A confusão teve início quando o presidente do PSDB do Acre tentou impedir que ela comparecesse à votação. “Não faz sentido uma bolsonarista querer vir tumultuar nossa festa democrática. Tentei na direção impedir que ela votasse”, afirmou.

Prévias

Três candidatos disputam a vaga para concorrer ao Palácio do Planalto pelo PSDB: o governador de São Paulo, João Doria; o governador do Rio Grande do Sul, Eduardo Leite; e o ex-prefeito de Manaus, Arthur Virgílio Neto.

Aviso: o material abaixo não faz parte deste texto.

lemma contracted_step_sub:
  assumes hs: "s |\<in>| Ch" and rot: "rotation Et s s'"
    and IH: "\<And>S. search_tree Et S s \<Longrightarrow> search_tree Et S s' \<Longrightarrow> S \<subseteq> Vt \<Longrightarrow> twins \<subseteq> S \<Longrightarrow>
      contracted_step s s'"
    and st: "search_tree Et S (Node w Ch)" and st': "search_tree Et S (Node w (finsert s' (Ch |-| {|s|})))"
    and S: "S \<subseteq> Vt" and T: "twins \<subseteq> S"
  shows "contracted_step (Node w Ch) (Node w (finsert s' (Ch |-| {|s|})))"
proof (cases "w \<in> twins")
  case True
  then show ?thesis by (rule contracted_step_sub_twin_root[OF hs rot st S T])
next
  case w: False
  from search_tree_nontwin_root[OF st S T w] show ?thesis
  proof
    assume "\<exists>c. Ch = {|c|} \<and> verts c = S - {w}"
    then have Ch: "Ch = {|s|}" and vs: "verts s = S - {w}" using hs by auto
    have "search_tree Et (verts s) s" "search_tree Et (verts s) s'"
      using search_tree_NodeD(3)[OF st hs] search_tree_NodeD(3)[OF st', of s'] rotation_verts[OF rot]
      by auto
    then have "contracted_step s s'" using IH vs S T w by blast
    then show ?thesis
      using contracted_step_sub_single_child[OF rot _ w] vs T w unfolding Ch by auto
  qed (rule contracted_step_sub_leaves[OF hs rot st w])
qed

end

text \<open>
  A rotation at the root \<open>u\<close> of a subtree with child \<open>x\<close>. In the names of the case lemmas
  the first qualifier describes \<open>u\<close> and the second \<open>x\<close>; \<open>path\<close> means that one twin lies
  above the other, \<open>leaves\<close> that the twins are sibling leaves.
\<close>
locale root_rotation = false_twin_join +
  fixes S :: "'a option set" and u x :: "'a option" and Ch Dx :: "'a option rtree fset"
  assumes hc: "Node x Dx |\<in>| Ch"
    and st: "search_tree Et S (Node u Ch)"
    and st': "search_tree Et S (Node x (finsert (Node u ((Ch |-| {|Node x Dx|})
      |\<union>| ffilter (\<lambda>S. adj_set Et u (verts S)) Dx)) (ffilter (\<lambda>S. \<not> adj_set Et u (verts S)) Dx)))"
    and S: "S \<subseteq> Vt" and T: "twins \<subseteq> S"
begin

definition "P = ffilter (\<lambda>S. adj_set Et u (verts S)) Dx"
definition "N = ffilter (\<lambda>S. \<not> adj_set Et u (verts S)) Dx"
definition "c = Node x Dx"
definition "U = Node u ((Ch |-| {|c|}) |\<union>| P)"
definition "T' = Node x (finsert U N)"

lemma st_T': "search_tree Et S T'"
  using st' unfolding T'_def U_def c_def P_def N_def .

lemma c_child: "c |\<in>| Ch" using hc unfolding c_def by simp
lemma verts_T: "verts (Node u Ch) = S" by (rule search_tree_verts[OF st])
lemma verts_T': "verts T' = S" by (rule search_tree_verts[OF st_T'])
lemma twins_T: "twins \<subseteq> verts (Node u Ch)" using verts_T T by simp
lemma twins_T': "twins \<subseteq> verts T'" using verts_T' T by simp
lemma u_in_S: "u \<in> S" by (rule search_tree_NodeD(1)[OF st])
lemma verts_c_subset: "verts c \<subseteq> S - {u}" by (rule search_tree_child_subset[OF st c_child])
lemma u_notin_c: "u \<notin> verts c" using verts_c_subset by blast
lemma x_neq_u: "x \<noteq> u" using u_notin_c unfolding c_def by auto
lemma st_c: "search_tree Et (verts c) c" by (rule search_tree_NodeD(3)[OF st c_child])
lemma verts_c_Vt: "verts c \<subseteq> Vt" using verts_c_subset S by blast

lemma verts_Dx_subset: "D |\<in>| Dx \<Longrightarrow> verts D \<subseteq> verts c - {x}"
  using search_tree_child_subset[OF st_c[unfolded c_def]] unfolding c_def by simp

lemma u_notin_Dx: "D |\<in>| Dx \<Longrightarrow> u \<notin> verts D"
  using verts_Dx_subset u_notin_c by blast
lemma x_notin_Dx: "D |\<in>| Dx \<Longrightarrow> x \<notin> verts D" using verts_Dx_subset by blast
lemma P_subset: "D |\<in>| P \<Longrightarrow> D |\<in>| Dx" unfolding P_def by simp
lemma N_subset: "D |\<in>| N \<Longrightarrow> D |\<in>| Dx" unfolding N_def by simp
lemma U_notin_Dx: assumes "D |\<in>| Dx" shows "D \<noteq> U"
  using u_notin_Dx[OF assms] unfolding U_def by auto

lemma st_U: "search_tree Et (verts U) U"
  using search_tree_NodeD(3)[OF st_T'[unfolded T'_def], of U] by simp

lemma N_empty_if_single:
  assumes "finsert U N = {|c'|}" shows "N = {||}"
proof -
  have "U = c'" using assms by (metis finsertI1 fsingletonE)
  then have "D = U" if "D |\<in>| N" for D using that assms by auto
  then show ?thesis using U_notin_Dx N_subset by (metis fset_eqI bot_fset.rep_eq empty_iff)
qed

lemma P_eq_Dx: "N = {||} \<Longrightarrow> P = Dx"
  using ffilter_eq_self_if_neg_fempty[of "\<lambda>S. adj_set Et u (verts S)" Dx]
    unfolding P_def N_def by simp

lemma map_c: "map_rtree (merge_twins v) c = Node (merge_twins v x) (map_rtree (merge_twins v) |`| Dx)"
  unfolding c_def by simp

lemma twin_root_child: assumes "u \<in> twins" shows "Ch = {|c|}"
  using search_tree_twin_root[OF st S T assms] c_child by auto

lemma contract_twin_root:
  assumes uT: "u \<in> twins" shows "contract_twins v (Node u Ch) = map_rtree (merge_twins v) c"
proof -
  have "\<not> twins \<subseteq> verts c" using u_notin_c uT by blast
  then show ?thesis
    using contract_twins_twin[OF uT twins_T] twin_root_child[OF uT] contract_twins_lacking by simp
qed

lemma contract_Dx_twin_root:
  "u \<in> twins \<Longrightarrow> contract_twins v |`| Dx = map_rtree (merge_twins v) |`| Dx"
  by (rule contract_twins_fimage_lacking) (use u_notin_Dx in blast)

lemma twin_leaves_at_root:
  assumes uN: "u \<notin> twins" and nTc: "\<not> twins \<subseteq> verts c"
  shows "Node None {||} |\<in>| Ch \<and> Node (Some v) {||} |\<in>| Ch"
  using search_tree_nontwin_root[OF st S T uN]
proof
  assume "\<exists>c'. Ch = {|c'|} \<and> verts c' = S - {u}"
  then have "verts c = S - {u}" using c_child by auto
  then show ?thesis using nTc T uN by blast
qed

lemma contracted_step_twin_twin:
  assumes uT: "u \<in> twins" and xT: "x \<in> twins"
  shows "contracted_step (Node u Ch) T'"
proof -
  have Chm: "Ch |-| {|c|} = {||}" using twin_root_child[OF uT] by simp
  note gT = contract_twin_root[OF uT]
  have hT: "twin_label v (Node u Ch) = (if u = None then 2 else 1)"
    by (rule twin_label_twin[OF uT twins_T])
  obtain c' where c': "finsert U N = {|c'|}" "verts c' = S - {x}"
    using search_tree_twin_root[OF st_T'[unfolded T'_def] S T xT] by blast
  have Ne: "N = {||}" by (rule N_empty_if_single[OF c'(1)])
  have Pe: "P = Dx" by (rule P_eq_Dx[OF Ne])
  have T'e: "T' = Node x {|Node u Dx|}" unfolding T'_def U_def Ne Pe Chm by simp
  have nt2: "\<not> twins \<subseteq> verts (Node u Dx)" using x_notin_Dx x_neq_u xT by auto
  have g2: "contract_twins v T' = map_rtree (merge_twins v) (Node u Dx)"
  proof -
    have "contract_twins v T' = the_elem (fset (contract_twins v |`| {|Node u Dx|}))" unfolding T'e
      by (rule contract_twins_twin[OF xT twins_T'[unfolded T'e]])
    also have "\<dots> = contract_twins v (Node u Dx)" by simp
    also have "\<dots> = map_rtree (merge_twins v) (Node u Dx)" by (rule contract_twins_lacking[OF nt2])
    finally show ?thesis .
  qed
  have unx: "merge_twins v u = merge_twins v x" using uT xT by auto
  have hT': "twin_label v T' = (if x = None then 2 else 1)"
    unfolding T'e by (rule twin_label_twin[OF xT twins_T'[unfolded T'e]])
  have "twin_label v (Node u Ch) \<noteq> twin_label v T'" using hT hT' uT xT x_neq_u by auto
  then show ?thesis using gT g2 map_c unx by (simp add: contracted_step_def)
qed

Ao todo, quase 45 mil filiados devem votar neste domingo, 3,4% do total de membros. Cerca de 90% dos filiados com mandato também devem registrar sua preferência.

Sob suspeita de fraude, o PSDB desenvolveu um aplicativo para que filiados sem mandato e vereadores possam escolher seus candidatos.

O resultado das prévias deve ser conhecido no início da noite de hoje. Caso ninguém consiga a maioria, haverá um segundo turno no dia 28 deste mês com os dois mais bem colocados.

Este período de prévias deu mais exposição ao partido na imprensa e tem sido marcado pelas críticas entre Doria e Leite, que são os favoritos; Arthur Virgílio corre por fora.

Em entrevista ao jornal O Globo na semana passada, o presidente do PSDB, Bruno Araújo, não descartou a possibilidade de se aliar a outros partidos: “Todas as composições que estejam distantes do Lula e do Bolsonaro serão objeto de abordagem e conciliação a partir de domingo”.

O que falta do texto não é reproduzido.